- [Recorded data]

lemma top_in_D_h:
  assumes "i \<in> {1..h}" "t \<in> {1..n}" "\<And>y. y \<in> {1..n} \<Longrightarrow> \<not> above (p i) y t"
  shows "t \<in> D n h h p"
proof -
  have "pref_count h p y t < h" if "y \<in> {1..n}" for y
  proof -
    have "pref_count h p y t \<le> card ({1..h} - {i})"
      unfolding pref_count_def using assms(3)[OF that] by (intro card_mono) auto
    then show ?thesis
      using assms(1) by auto
  qed
  then show ?thesis
    using assms(2) by (simp add: D_pref_count)
qed

lemma
  assumes "is_profile n h p" "n \<ge> 1" "h \<ge> 1"
  shows mu_of_gt_half: "h < 2 * mu_of n h p"
    and mu_of_le: "mu_of n h p \<le> h"
    and D_mu_of_nonempty: "D n h (mu_of n h p) p \<noteq> {}"
proof -
  obtain t where "t \<in> {1..n}" "\<And>y. y \<in> {1..n} \<Longrightarrow> \<not> above (p 1) y t"
    using profile_top_exists[OF assms(1) _ assms(2), of 1] assms(3) by auto
  then have "D n h h p \<noteq> {}"
    using top_in_D_h[of 1 h t n p] assms(3) by auto
  then have "h < 2 * mu_of n h p \<and> mu_of n h p \<le> h \<and> D n h (mu_of n h p) p \<noteq> {}"
    using LeastI[of "\<lambda>mu. h < 2 * mu \<and> mu \<le> h \<and> D n h mu p \<noteq> {}" h] assms(3)
    unfolding mu_of_def by simp
  then show "h < 2 * mu_of n h p" "mu_of n h p \<le> h" "D n h (mu_of n h p) p \<noteq> {}"
    by auto
qed

lemma D_below_mu_of_empty:
  assumes "is_profile n h p" "n \<ge> 1" "h \<ge> 1" "h < 2 * k" "k < mu_of n h p"
  shows "D n h k p = {}"
proof -
  have "k \<le> h"
    using mu_of_le[OF assms(1-3)] assms(5) by simp
  moreover have "\<not> (h < 2 * k \<and> k \<le> h \<and> D n h k p \<noteq> {})"
    using assms(5) unfolding mu_of_def by (rule not_less_Least)
  ultimately show ?thesis
    using assms(4) by simp
qed

lemma mu_of_eq_majority:
  assumes "D n h (h div 2 + 1) p \<noteq> {}" "h \<ge> 1"
  shows "mu_of n h p = h div 2 + 1"
  unfolding mu_of_def
proof (rule Least_equality)
  show "h < 2 * (h div 2 + 1) \<and> h div 2 + 1 \<le> h \<and> D n h (h div 2 + 1) p \<noteq> {}"
    using assms by auto
next
  show "h div 2 + 1 \<le> k" if "h < 2 * k \<and> k \<le> h \<and> D n h k p \<noteq> {}" for k
    using that div_mult_mod_eq[of h 2] by linarith
qed

locale reversal_stable_winner =
  fixes n h :: nat and p :: "nat \<Rightarrow> nat rel" and x :: nat
  assumes profile: "is_profile n h p"
    and n_ge_2: "n \<ge> 2" and h_ge_2: "h \<ge> 2"
    and unique_winner: "D n h (mu_of n h p) p = {x}"
    and rev_winner: "x \<in> D n h (mu_of n h (rev_profile p)) (rev_profile p)"
begin

abbreviation "N \<equiv> {1..n}"
abbreviation "c \<equiv> pref_count h p"
abbreviation "mu \<equiv> mu_of n h p"
abbreviation "mu' \<equiv> mu_of n h (rev_profile p)"

lemma winner_in_N: "x \<in> N"
  using unique_winner by (auto simp: D_def)

lemma mu_bounds: "h < 2 * mu" "mu \<le> h" "h < 2 * mu'" "mu' \<le> h"
  using n_ge_2 h_ge_2 mu_of_gt_half mu_of_le profile is_profile_rev_profile[OF profile] by auto

lemma beats_winner_lt: "v \<in> N \<Longrightarrow> c v x < mu"
  using unique_winner[THEN equalityD2] by (auto simp: D_pref_count)

lemma loser_beaten:
  assumes "v \<in> N" "v \<noteq> x"
  shows "\<exists>w\<in>N. w \<noteq> v \<and> mu \<le> c w v"
proof -
  have "v \<notin> D n h mu p"
    using unique_winner assms(2) by simp
  then obtain w where "w \<in> N" "mu \<le> c w v"
    using assms(1) by (auto simp: D_pref_count not_less)
  moreover have "w \<noteq> v"
    using calculation(2) mu_bounds(1) by auto
  ultimately show ?thesis
    by blast
qed

lemma winner_beats_lt: "v \<in> N \<Longrightarrow> c x v < mu'"
  using rev_winner by (auto simp: D_rev_profile)

lemma rev_below_mu'_beaten:
  assumes "h < 2 * (mu' - 1)" "w \<in> N"
  shows "\<exists>v\<in>N. v \<noteq> w \<and> mu' - 1 \<le> c w v"
proof -
  have "D n h (mu' - 1) (rev_profile p) = {}"
    using D_below_mu_of_empty[OF is_profile_rev_profile[OF profile]] n_ge_2 h_ge_2 assms(1) by simp
  then obtain v where "v \<in> N" "mu' - 1 \<le> c w v"
    using assms(2) by (auto simp: D_rev_profile not_less)
  moreover have "v \<noteq> w"
    using calculation(2) assms(1) by auto
  ultimately show ?thesis
    by blast
qed

lemma counts_complement: "a \<in> N \<Longrightarrow> b \<in> N \<Longrightarrow> a \<noteq> b \<Longrightarrow> c a b + c b a = h"
  using pref_count_complement[OF profile, of b a] by simp

lemma mu_less_h: "mu < h"
proof (rule ccontr)
  assume "\<not> mu < h"
  then have mu_h: "mu = h"
    using mu_bounds by simp
  obtain v where v: "v \<in> N" "v \<noteq> x"
    using n_ge_2 winner_in_N by (cases "x = 1") (auto intro: that[of 1] that[of 2])
  have "above (p i) x v" if i: "i \<in> {1..h}" for i
  proof -
    obtain t where t: "t \<in> N" "\<And>y. y \<in> N \<Longrightarrow> \<not> above (p i) y t"
      using profile_top_exists[OF profile i] n_ge_2 by auto
    then have "t = x"
      using top_in_D_h[of i h t n p] i t unique_winner mu_h by auto
    then show ?thesis
      using t v winner_in_N profile_linear_order(3)[OF profile i, of x v] by auto
  qed
  then have "{i \<in> {1..h}. above (p i) x v} = {1..h}"
    by blast
  then have "c x v = h"
    by (simp add: pref_count_def)
  then show False
    using winner_beats_lt[OF v(1)] mu_bounds by simp
qed

lemma n_ne_2: "n \<noteq> 2"
proof
  assume "n = 2"
  then have "card (N - {x}) = 1"
    using winner_in_N by simp
  then obtain y where "N - {x} = {y}"
    by (rule card_1_singletonE)
  then have N: "N = {x, y}" and "y \<in> N" "y \<noteq> x"
    using winner_in_N by blast+
  have "c y x < mu" "mu \<le> c x y" "c x y < mu'" "c x y + c y x = h"
    using beats_winner_lt[OF \<open>y \<in> N\<close>] loser_beaten[OF \<open>y \<in> N\<close> \<open>y \<noteq> x\<close>]
      winner_beats_lt[OF \<open>y \<in> N\<close>] counts_complement[OF winner_in_N \<open>y \<in> N\<close>] \<open>y \<noteq> x\<close>
    unfolding N by auto
  moreover have "mu' - 1 \<le> c y x" if "h < 2 * (mu' - 1)"
    using rev_below_mu'_beaten[OF that \<open>y \<in> N\<close>] unfolding N by auto
  ultimately show False
    using mu_bounds by linarith
qed

lemma n_ne_3: "n \<noteq> 3"
proof
  assume "n = 3"
  then have "card (N - {x}) = 2"
    using winner_in_N by simp
  then obtain y z where "N - {x} = {y, z}" "y \<noteq> z"
    unfolding card_2_iff by blast
  then have N: "N = {x, y, z}" and "y \<in> N" "z \<in> N" "y \<noteq> x" "z \<noteq> x"
    using winner_in_N by blast+
  have "c y x < mu" "c z x < mu" "c x y < mu'" "c x z < mu'"
    using beats_winner_lt winner_beats_lt \<open>y \<in> N\<close> \<open>z \<in> N\<close> by auto
  moreover have "mu \<le> c x y \<or> mu \<le> c z y" "mu \<le> c x z \<or> mu \<le> c y z"
    using loser_beaten[OF \<open>y \<in> N\<close> \<open>y \<noteq> x\<close>] loser_beaten[OF \<open>z \<in> N\<close> \<open>z \<noteq> x\<close>]
    unfolding N by auto
  moreover have "c x y + c y x = h" "c x z + c z x = h" "c y z + c z y = h"
    using counts_complement winner_in_N \<open>y \<in> N\<close> \<open>z \<in> N\<close> \<open>y \<noteq> x\<close> \<open>z \<noteq> x\<close> \<open>y \<noteq> z\<close>
    by auto
  moreover have "mu' - 1 \<le> c y x \<or> mu' - 1 \<le> c y z" "mu' - 1 \<le> c z x \<or> mu' - 1 \<le> c z y"
    if "h < 2 * (mu' - 1)"
    using rev_below_mu'_beaten[OF that \<open>y \<in> N\<close>] rev_below_mu'_beaten[OF that \<open>z \<in> N\<close>]
    unfolding N by auto
  ultimately show False
    using mu_bounds by linarith
qed

text \<open>For \<open>n = h = 4\<close> we have \<open>mu = 3\<close>, and either value of \<open>mu'\<close> forces the three losers
  to beat one another by margins \<open>\<ge> 3\<close> out of 4 along a cycle, which no profile allows.\<close>
lemma not_n_4_h_4: "\<not> (n = 4 \<and> h = 4)"
proof
  assume nh: "n = 4 \<and> h = 4"
  then have "card (N - {x}) = 3"
    using winner_in_N by simp
  then obtain y z w where "N - {x} = {y, z, w}" "y \<noteq> z" "z \<noteq> w" "y \<noteq> w"
    unfolding card_3_iff by blast
  then have N: "N = {x, y, z, w}" and mem: "y \<in> N" "z \<in> N" "w \<in> N"
    and ne: "y \<noteq> x" "z \<noteq> x" "w \<noteq> x"
    using winner_in_N by blast+
  have mu: "mu = 3"
    using mu_less_h mu_bounds nh by linarith
  have compl: "c z y + c y z = 4" "c w z + c z w = 4" "c y w + c w y = 4"
    using counts_complement mem \<open>y \<noteq> z\<close> \<open>z \<noteq> w\<close> \<open>y \<noteq> w\<close> nh by auto
  have cyc: "c y z + c z w + c w y \<le> 8" "c y w + c w z + c z y \<le> 8"
    using pref_count_cycle_le[OF profile] nh by auto
  consider "mu' = 3" | "mu' = 4"
    using mu_bounds nh by linarith
  then show False
  proof cases
    case 1
    have "c x y < 3" "c x z < 3" "c x w < 3"
      using winner_beats_lt mem 1 by auto
    moreover have "\<exists>u\<in>{x, y, z, w}. u \<noteq> v \<and> 3 \<le> c u v" if "v \<in> N" "v \<noteq> x" for v
      using loser_beaten[OF that] mu unfolding N by simp
    ultimately have "3 \<le> c z y \<or> 3 \<le> c w y" "3 \<le> c y z \<or> 3 \<le> c w z" "3 \<le> c z w \<or> 3 \<le> c y w"
      using mem ne by fastforce+
    then show False
      using compl cyc by linarith
  next
    case 2
    have "c y x < 3" "c z x < 3" "c w x < 3"
      using beats_winner_lt mem mu by auto
    moreover have "\<exists>v\<in>{x, y, z, w}. v \<noteq> u \<and> 3 \<le> c u v" if "u \<in> N" for u
      using rev_below_mu'_beaten[OF _ that] 2 nh unfolding N by simp
    ultimately have "3 \<le> c y z \<or> 3 \<le> c y w" "3 \<le> c z y \<or> 3 \<le> c z w" "3 \<le> c w y \<or> 3 \<le> c w z"
      using mem by fastforce+
    then show False
      using compl cyc by linarith
  qed
qed

theorem outside_T2: "\<not> (h = 2 \<or> n \<le> 3 \<or> (h = 4 \<and> n = 4))"
  using mu_less_h mu_bounds n_ge_2 n_ne_2 n_ne_3 not_n_4_h_4 by linarith

end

- [Work instructions] Please give back exactly the lines of this listing beginning at the line with "h p \<noteq>" and ending with the line with "using mu_of_le[OF assms(1-3)]", both included, and nothing else.

- [Answer to this task]
  then have "D n h h p \<noteq> {}"
    using top_in_D_h[of 1 h t n p] assms(3) by auto
  then have "h < 2 * mu_of n h p \<and> mu_of n h p \<le> h \<and> D n h (mu_of n h p) p \<noteq> {}"
    using LeastI[of "\<lambda>mu. h < 2 * mu \<and> mu \<le> h \<and> D n h mu p \<noteq> {}" h] assms(3)
    unfolding mu_of_def by simp
  then show "h < 2 * mu_of n h p" "mu_of n h p \<le> h" "D n h (mu_of n h p) p \<noteq> {}"
    by auto
qed

lemma D_below_mu_of_empty:
  assumes "is_profile n h p" "n \<ge> 1" "h \<ge> 1" "h < 2 * k" "k < mu_of n h p"
  shows "D n h k p = {}"
proof -
  have "k \<le> h"
    using mu_of_le[OF assms(1-3)] assms(5) by simp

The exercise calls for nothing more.